• _WHAT TO PRODUCE_
Show all the lines in the data below that include the word "sink".

§ §

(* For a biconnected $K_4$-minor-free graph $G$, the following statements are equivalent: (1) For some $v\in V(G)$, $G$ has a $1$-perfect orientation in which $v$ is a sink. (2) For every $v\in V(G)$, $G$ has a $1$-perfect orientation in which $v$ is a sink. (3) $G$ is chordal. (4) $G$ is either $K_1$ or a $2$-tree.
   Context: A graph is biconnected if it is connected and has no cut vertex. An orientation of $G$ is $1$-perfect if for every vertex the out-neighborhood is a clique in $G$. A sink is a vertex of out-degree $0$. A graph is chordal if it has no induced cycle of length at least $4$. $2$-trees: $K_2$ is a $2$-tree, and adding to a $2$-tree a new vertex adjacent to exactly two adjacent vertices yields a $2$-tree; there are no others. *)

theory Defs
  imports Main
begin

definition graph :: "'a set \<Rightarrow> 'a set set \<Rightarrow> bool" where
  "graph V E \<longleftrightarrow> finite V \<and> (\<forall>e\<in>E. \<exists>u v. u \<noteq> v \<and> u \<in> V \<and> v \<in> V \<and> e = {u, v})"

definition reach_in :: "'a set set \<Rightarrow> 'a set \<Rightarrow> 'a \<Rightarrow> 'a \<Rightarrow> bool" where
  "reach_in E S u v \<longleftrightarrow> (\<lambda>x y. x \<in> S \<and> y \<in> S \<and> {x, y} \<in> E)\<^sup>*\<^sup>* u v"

§ §

• _WRITTEN ANSWER_
(* For a biconnected $K_4$-minor-free graph $G$, the following statements are equivalent: (1) For some $v\in V(G)$, $G$ has a $1$-perfect orientation in which $v$ is a sink. (2) For every $v\in V(G)$, $G$ has a $1$-perfect orientation in which $v$ is a sink. (3) $G$ is chordal. (4) $G$ is either $K_1$ or a $2$-tree.
   Context: A graph is biconnected if it is connected and has no cut vertex. An orientation of $G$ is $1$-perfect if for every vertex the out-neighborhood is a clique in $G$. A sink is a vertex of out-degree $0$. A graph is chordal if it has no induced cycle of length at least $4$. $2$-trees: $K_2$ is a $2$-tree, and adding to a $2$-tree a new vertex adjacent to exactly two adjacent vertices yields a $2$-tree; there are no others. *)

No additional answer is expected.